= National Route 18 (Argentina) =

Highway in Argentina

National Route 18 is an Argentine paved highway, which crosses the province of Entre Ríos from west to east. Beginning in San Benito, a few km east of Paraná, at km 451 of National Route 12, it ends 25 km southwest of Concordia, at km. 240 of National Route 14 . Its route is 227 km. It has been in the process of being transformed into a highway since 2015 .

==Cities==
The cities and towns with more than 1,500 inhabitants that are accessed by this route from west to east are the following:

- Paraná
- Villaguay
- San Salvador
- Concordia

== History ==
In the original national route numbering plan of September 3, 1935, National Route 18 ran between Concordia and Paso de los Piuquenes, between the Province of San Juan and the neighboring Republic of Chile, although the westernmost section was the one built in 1927 that through a cornice road linked the City of San Juan and Calingasta. The stretch west of the last town was never built.

In 1943 the National Highway Directorate made a numbering change for national routes, whereby National Route 18 was reduced to the Province of Entre Ríos, while the rest was divided between National Route 19 (east of the city of Córdoba) and National Route 20 (to the west of said city).

In 2010, this road joined the Road Corridor 4 for the bidding, with the temporary union of companies Carreteras Centrales de Argentina winning. He took charge of it on April 22 of that year. Previously, this route was part of four networks of the recovery and maintenance contract system.

== The Transformation into a highway ==
In the last days of June 2008, the President of Argentina Cristina Fernández de Kirchner, and the Governor of the province, Sergio Daniel Urribarri, signed the Historic Infrastructure Reparation Act for Entre Ríos. Made up of more than 115 works, extracted from the strategic infrastructure plan, it represents an investment of more than 3,200 million pesos.
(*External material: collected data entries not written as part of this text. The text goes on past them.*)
theorem corollary3:
  fixes M :: "'w measure" and Mx :: "'x measure" and Ms :: "'s measure" and Mz :: "'z measure"
    and X :: "'w \<Rightarrow> 'x" and S :: "'w \<Rightarrow> 's" and g :: "'x \<times> 's \<Rightarrow> 'z"
    and \<phi> :: "'x \<Rightarrow> 'h::{real_inner,complete_space}"
    and y a :: 'h and Y A :: "'w \<Rightarrow> real"
  assumes P: "prob_space M"
    and rkhs: "rkhs_feature_map \<phi>"
    and X_meas: "X \<in> measurable M Mx"
    and phiX_meas: "(\<lambda>\<omega>. \<phi> (X \<omega>)) \<in> borel_measurable M"
    and phiX_L2: "integrable M (\<lambda>\<omega>. (norm (\<phi> (X \<omega>)))\<^sup>2)"
    and Y_def: "\<And>\<omega>. Y \<omega> = inner (\<phi> (X \<omega>)) y"
    and A_def: "\<And>\<omega>. A \<omega> = inner (\<phi> (X \<omega>)) a"
    and y_nz: "y \<noteq> 0" and a_nz: "a \<noteq> 0"
    and varY_pos: "prob_space.variance M Y > 0"
    and varA_pos: "prob_space.variance M A > 0"
    and S_meas: "S \<in> measurable M Ms"
    and S_indep: "prob_space.indep_set M (sets (vimage_algebra (space M) S Ms))
         (sets (vimage_algebra (space M) (\<lambda>\<omega>. (X \<omega>, A \<omega>, Y \<omega>)) (Mx \<Otimes>\<^sub>M (borel \<Otimes>\<^sub>M borel))))"
    and g_meas: "g \<in> measurable (Mx \<Otimes>\<^sub>M Ms) Mz"
  defines "Z \<equiv> (\<lambda>\<omega>. g (X \<omega>, S \<omega>))"
  shows
    "(prob_space.variance M (real_cond_exp M (vimage_algebra (space M) Z Mz) A) = 0 \<longrightarrow>
        best_sq_risk M Mz Z Y \<ge> ennreal (prob_space.variance M Y * (correlation M Y A)\<^sup>2))
     \<and>
     (prob_space.variance M (real_cond_exp M (vimage_algebra (space M) Z Mz) Y) = prob_space.variance M Y \<longrightarrow>
        best_sq_risk M Mz Z A \<le> ennreal (prob_space.variance M A * (1 - (correlation M Y A)\<^sup>2)))"
proof -
  interpret prob_space M by (rule P)
  have Z: "Z \<in> measurable M Mz"
    unfolding Z_def using g_meas X_meas S_meas by measurable
  have "Y = (\<lambda>\<omega>. inner (\<phi> (X \<omega>)) y)" and "A = (\<lambda>\<omega>. inner (\<phi> (X \<omega>)) a)"
    using Y_def A_def by auto
  then have Y: "square_integrable M Y" and A: "square_integrable M A"
    using square_integrable_inner[OF phiX_meas phiX_L2] by simp_all
  have ge_arith: "v * (c\<^sup>2 / (v * w)) = c\<^sup>2 / w" and le_arith: "w * (1 - c\<^sup>2 / (v * w)) = w - c\<^sup>2 / v"
    if "v > 0" "w > 0" for c v w :: real
    using that by (simp_all add: field_simps)
  have bound_ge: "variance Y * (correlation M Y A)\<^sup>2 = (covariance M Y A)\<^sup>2 / variance A"
    and bound_le: "variance A * (1 - (correlation M Y A)\<^sup>2) = variance A - (covariance M Y A)\<^sup>2 / variance Y"
    unfolding power2_correlation by (rule ge_arith[OF varY_pos varA_pos], rule le_arith[OF varY_pos varA_pos])
  show ?thesis
    unfolding bound_ge bound_le
    using best_sq_risk_ge_of_variance_real_cond_exp_eq_0[OF Z Y A varA_pos]
      best_sq_risk_le_of_variance_real_cond_exp_eq[OF Z Y A varY_pos]
    by (intro conjI impI)
qed

end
The implementation of the project to transform national route 18 into a highway constitutes a shared effort between the Nation and the Province, together with the start of pre-investment studies for the future physical link over the Paraná river in the metropolitan area of Paraná and Santa Fe, to consolidate and strengthen the central biooceanic corridor of the Argentine Republic.

In the area of bridges, the expansion of existing structures or the construction of new bridges in a length of more than 1500 meters is proposed, of which the vast majority correspond to an average width of between 8 m and 9.00 m to new bridges of 17 meters. Wide. The widening of the existing culverts has been planned for a total length of more than 2,000 meters, of which half is planned as a widening centered on a missing width of 12.00m on average and the rest towards one of the sides on average width to build 9.00m.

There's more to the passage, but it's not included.